Recently, digg.com added a controversial feature, the digg bar, which basically frames every posted link in a little IFRAME.
Rightfully so, webmasters were concerned about this and quite quickly, we had the usual religious war going on between the people finding the bar quite useful and the webmasters hating it for lost page rank, even worse recognition of their site and presumed affiliation with digg.
Ideas crept up over the weekend, but turned out not to be so terribly good.
Basically it all boils down to digg.com screwing up on this, IMHO.
I know that they let you turn off that dreaded digg bar, but all the links on their page still point to their own short url. Only then is the decision made whether to show the bar or not.
This means that all links on digg currently just point to digg itself, not awarding any linked page with anything but the traffic which they don’t necessarily want. Digg-traffic isn’t worth much in terms of returning users. You get dugg, you melt your servers, you return back to be unknown.

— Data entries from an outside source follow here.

(* Let $\mathcal{G}=(V,E,\lambda)$ be a happy temporal graph whose footprint $(V,E)$ is a complete graph. Then $\mathcal{G}$ is bidirectionally temporally connected, but for every edge $e\in E$, the temporal graph obtained from $\mathcal{G}$ by removing $e$ is not bidirectionally temporally connected.
   Context: A temporal graph is $\mathcal{G}=(V,E,\lambda)$ with $V$ finite, $E$ undirected edges, $\lambda:E\to 2^{\mathbb{N}}$ the time labels; $(V,E)$ is the footprint. It is simple if every edge has exactly one label, proper if no two adjacent edges share a label, and happy if both simple and proper. A temporal path is a sequence of pairs $(e_i,t_i)$, $t_i\in\lambda(e_i)$, with $\langle e_i\rangle$ a path in the footprint and $\langle t_i\rangle$ non-decreasing (non-strict) or increasing (strict); in proper graphs the two notions coincide. A bi-path between $u$ and $v$ is a pair $(p_1,p_2)$ with $p_1$ a temporal path from $u$ to $v$ and $p_2$ a temporal path from $v$ to $u$ along the same underlying path reversed. $\mathcal{G}$ is bidirectionally temporally connected if every pair of distinct vertices is joined by a bi-path. *)

theory Defs
  imports Main
begin

definition temporal_graph :: "'a set \<Rightarrow> 'a set set \<Rightarrow> bool" where
  "temporal_graph V E \<longleftrightarrow> finite V \<and>
     (\<forall>e\<in>E. \<exists>u v. u \<in> V \<and> v \<in> V \<and> u \<noteq> v \<and> e = {u, v})"

definition complete_footprint :: "'a set \<Rightarrow> 'a set set \<Rightarrow> bool" where
  "complete_footprint V E \<longleftrightarrow> E = {{u, v} | u v. u \<in> V \<and> v \<in> V \<and> u \<noteq> v}"

definition simple_tg :: "'a set set \<Rightarrow> ('a set \<Rightarrow> nat set) \<Rightarrow> bool" where
  "simple_tg E lam \<longleftrightarrow> (\<forall>e\<in>E. card (lam e) = 1)"

definition proper_tg :: "'a set set \<Rightarrow> ('a set \<Rightarrow> nat set) \<Rightarrow> bool" where
  "proper_tg E lam \<longleftrightarrow> (\<forall>e1\<in>E. \<forall>e2\<in>E. e1 \<noteq> e2 \<and> e1 \<inter> e2 \<noteq> {} \<longrightarrow> lam e1 \<inter> lam e2 = {})"

definition happy_tg :: "'a set set \<Rightarrow> ('a set \<Rightarrow> nat set) \<Rightarrow> bool" where
  "happy_tg E lam \<longleftrightarrow> simple_tg E lam \<and> proper_tg E lam"

definition temporal_path :: "'a set set \<Rightarrow> ('a set \<Rightarrow> nat set) \<Rightarrow> 'a list \<Rightarrow> nat list \<Rightarrow> bool" where
  "temporal_path E lam vs ts \<longleftrightarrow>
     length vs = Suc (length ts) \<and> distinct vs \<and>
     (\<forall>i < length ts. {vs ! i, vs ! Suc i} \<in> E \<and> ts ! i \<in> lam {vs ! i, vs ! Suc i}) \<and>
     sorted ts"

definition bipath :: "'a set set \<Rightarrow> ('a set \<Rightarrow> nat set) \<Rightarrow> 'a \<Rightarrow> 'a \<Rightarrow> bool" where
  "bipath E lam u v \<longleftrightarrow> (\<exists>vs ts1 ts2. vs \<noteq> [] \<and> hd vs = u \<and> last vs = v \<and>
     temporal_path E lam vs ts1 \<and> temporal_path E lam (rev vs) ts2)"

definition bi_temporally_connected :: "'a set \<Rightarrow> 'a set set \<Rightarrow> ('a set \<Rightarrow> nat set) \<Rightarrow> bool" where
  "bi_temporally_connected V E lam \<longleftrightarrow>
     (\<forall>u\<in>V. \<forall>v\<in>V. u \<noteq> v \<longrightarrow> bipath E lam u v)"

end

theory Submission
  imports Defs
begin

text \<open>In a proper graph consecutive edges of a path carry distinct labels, so the labels
along any temporal path strictly increase. In a simple graph the path back along the
reversed vertex sequence must use the same labels in reverse order, which then strictly
decrease. Hence in a happy graph the only bi-path between u and v is the edge {u, v} itself,
so bidirectional connectivity forces every edge to be present.\<close>

lemma happy_tg_mono:
  assumes "happy_tg E lam" and "E' \<subseteq> E"
  shows "happy_tg E' lam"
  using assms unfolding happy_tg_def simple_tg_def proper_tg_def by blast

lemma bipath_edge:
  assumes "{u, v} \<in> E" and "u \<noteq> v" and "t \<in> lam {u, v}"
  shows "bipath E lam u v"
proof -
  have "temporal_path E lam [u, v] [t]" and "temporal_path E lam [v, u] [t]"
    using assms by (simp_all add: temporal_path_def insert_commute)
  then show ?thesis
    unfolding bipath_def by (intro exI[of _ "[u, v]"]) auto
qed

lemma proper_temporal_path_strict:
  assumes "proper_tg E lam" and "temporal_path E lam vs ts"
  shows "sorted_wrt (<) ts"
  unfolding sorted_wrt_iff_nth_Suc_transp[OF transp_on_less]
proof (intro allI impI)
  fix i assume i: "Suc i < length ts"
  let ?a = "{vs ! i, vs ! Suc i}" and ?b = "{vs ! Suc i, vs ! Suc (Suc i)}"
  have len: "length vs = Suc (length ts)" and "distinct vs" and "sorted ts"
    and edges: "\<And>j. j < length ts \<Longrightarrow> {vs ! j, vs ! Suc j} \<in> E \<and> ts ! j \<in> lam {vs ! j, vs ! Suc j}"
    using assms(2) by (simp_all add: temporal_path_def)
  have "vs ! i \<noteq> vs ! Suc (Suc i)"
    using \<open>distinct vs\<close> i len by (simp add: nth_eq_iff_index_eq)
  then have "?a \<noteq> ?b"
    by (auto simp: doubleton_eq_iff)
  then have "lam ?a \<inter> lam ?b = {}"
    using assms(1) edges[of i] edges[of "Suc i"] i unfolding proper_tg_def by auto
  then have "ts ! i \<noteq> ts ! Suc i"
    using edges[of i] edges[of "Suc i"] i by auto
  moreover have "ts ! i \<le> ts ! Suc i"
    using \<open>sorted ts\<close> i by (simp add: sorted_iff_nth_Suc)
  ultimately show "ts ! i < ts ! Suc i"
    by simp
qed

lemma simple_temporal_path_label:
  assumes "simple_tg E lam" and "temporal_path E lam vs ts" and "i < length ts"
  shows "lam {vs ! i, vs ! Suc i} = {ts ! i}"
proof -
  have "{vs ! i, vs ! Suc i} \<in> E" and "ts ! i \<in> lam {vs ! i, vs ! Suc i}"
    using assms(2,3) by (simp_all add: temporal_path_def)
  then show ?thesis
    using assms(1) unfolding simple_tg_def by (metis card_1_singletonE singletonD)
qed

lemma simple_temporal_path_rev:
  assumes "simple_tg E lam"
    and fwd: "temporal_path E lam vs ts" and bwd: "temporal_path E lam (rev vs) ts'"
  shows "ts' = rev ts"
proof (rule nth_equalityI)
  have len: "length vs = Suc (length ts)" "length vs = Suc (length ts')"
    using fwd bwd by (simp_all add: temporal_path_def)
  then show "length ts' = length (rev ts)"
    by simp
  fix i assume "i < length ts'"
  define j where "j = length ts - Suc i"
  have j: "j < length ts" "Suc j = length ts - i"
    using \<open>i < length ts'\<close> len by (simp_all add: j_def)
  have "{rev vs ! i, rev vs ! Suc i} = {vs ! j, vs ! Suc j}"
    using \<open>i < length ts'\<close> len j by (auto simp: rev_nth j_def Suc_diff_Suc)
  then have "{ts' ! i} = {ts ! j}"
    using simple_temporal_path_label[OF assms(1) bwd \<open>i < length ts'\<close>]
      simple_temporal_path_label[OF assms(1) fwd j(1)] by simp
  then show "ts' ! i = rev ts ! i"
    using j by (simp add: rev_nth j_def)
qed

lemma happy_bipath_imp_edge:
  assumes "happy_tg E lam" and "u \<noteq> v" and "bipath E lam u v"
  shows "{u, v} \<in> E"
proof -
  obtain vs ts ts' where vs: "vs \<noteq> []" "hd vs = u" "last vs = v"
    and fwd: "temporal_path E lam vs ts" and bwd: "temporal_path E lam (rev vs) ts'"
    using assms(3) unfolding bipath_def by blast
  have "sorted_wrt (<) ts" and "sorted_wrt (<) (rev ts)"
    using assms(1) proper_temporal_path_strict[OF _ fwd] proper_temporal_path_strict[OF _ bwd]
      simple_temporal_path_rev[OF _ fwd bwd] by (simp_all add: happy_tg_def)
  have "length ts \<le> 1"
  proof (rule ccontr)
    assume "\<not> length ts \<le> 1"
    then have "ts ! 0 < ts ! 1" and "ts ! 1 < ts ! 0"
      using sorted_wrt_nth_less[OF \<open>sorted_wrt (<) ts\<close>, of 0 1]
        sorted_wrt_nth_less[OF \<open>sorted_wrt (<) (rev ts)\<close>[unfolded sorted_wrt_rev], of 0 1]
      by simp_all
    then show False
      by simp
  qed
  moreover have len: "length vs = Suc (length ts)"
    using fwd by (simp add: temporal_path_def)
  moreover have "length ts \<noteq> 0"
    using vs assms(2) len by (auto simp: length_Suc_conv)
  ultimately have "length ts = 1"
    by linarith
  then have "hd vs = vs ! 0" and "last vs = vs ! 1"
    using vs(1) len by (simp_all add: hd_conv_nth last_conv_nth)
  then show ?thesis
    using fwd vs \<open>length ts = 1\<close> by (auto simp: temporal_path_def)
qed

lemma simple_complete_bi_temporally_connected:
  assumes "simple_tg E lam" and "complete_footprint V E"
  shows "bi_temporally_connected V E lam"
  unfolding bi_temporally_connected_def
proof (intro ballI impI)
  fix u v assume "u \<in> V" "v \<in> V" "u \<noteq> v"
  then have "{u, v} \<in> E"
    using assms(2) unfolding complete_footprint_def by blast
  then have "card (lam {u, v}) = 1"
    using assms(1) by (simp add: simple_tg_def)
  then obtain t where "t \<in> lam {u, v}"
    by (auto simp: card_1_singleton_iff)
  then show "bipath E lam u v"
    using bipath_edge[OF \<open>{u, v} \<in> E\<close> \<open>u \<noteq> v\<close>] by blast
qed

lemma happy_bi_temporally_connected_imp_edge:
  assumes "happy_tg E lam" and "bi_temporally_connected V E lam"
    and "u \<in> V" and "v \<in> V" and "u \<noteq> v"
  shows "{u, v} \<in> E"
proof -
  have "bipath E lam u v"
    using assms(2-5) unfolding bi_temporally_connected_def by blast
  then show ?thesis
    by (rule happy_bipath_imp_edge[OF assms(1,5)])
qed

theorem lemma4:
  fixes V :: "'a set" and E :: "'a set set" and lam :: "'a set \<Rightarrow> nat set"
  assumes "temporal_graph V E"
    and "happy_tg E lam"
    and "complete_footprint V E"
  shows "bi_temporally_connected V E lam \<and>
         (\<forall>e\<in>E. \<not> bi_temporally_connected V (E - {e}) lam)"
proof
  show "bi_temporally_connected V E lam"
    using assms(2) simple_complete_bi_temporally_connected[OF _ assms(3)]
    by (simp add: happy_tg_def)
  show "\<forall>e\<in>E. \<not> bi_temporally_connected V (E - {e}) lam"
  proof (intro ballI notI)
    fix e assume "e \<in> E" and connected: "bi_temporally_connected V (E - {e}) lam"
    then obtain u v where "u \<in> V" "v \<in> V" "u \<noteq> v" and e: "e = {u, v}"
      using assms(3) unfolding complete_footprint_def by blast
    have "happy_tg (E - {e}) lam"
      using happy_tg_mono[OF assms(2)] by (simp add: Diff_subset)
    then have "{u, v} \<in> E - {e}"
      using connected \<open>u \<in> V\<close> \<open>v \<in> V\<close> \<open>u \<noteq> v\<close>
      by (rule happy_bi_temporally_connected_imp_edge)
    then show False
      using e by simp
  qed
qed

end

So you would probably appreciate the higher page rank you get from being linked at by digg as that leads to increased search engine traffic which generally is worth much more.
The solution on diggs part could be simple: Keep the original site url in the href of their links, but use some JS-magic to still open the digg bar. That way they still get to keep their foot in the users path away from the site, but search engines will now do the right thing and follow the links to their actual target, thus giving the webmasters their page rank back.
How to do this?
Here’s a few lines of jQuery to automatically make links formated in the form
be opened via the digg bar while still working correctly for search engines (assuming that the link’s ID is the digg shorturl):
$(function(){
$('div#link_container a').click(function(){
$(this).attr('href') = 'http://digg.com/' + this.id;
});
});
piece of cacke.
No further changes needed and all the web masters will be so much happier while digg gets to keep all the advantages (and it may actually help digg to increase their pagerank as I could imagine that a site with a lot of links pointing to different places could rank higher than one without any external links).
Webmasters then still could do their usual parent.location.href trickery to get out of the digg bar if they want to, but they could also retain their page rank.
No need to add further complexity to the webs standards because one site decides not to play well.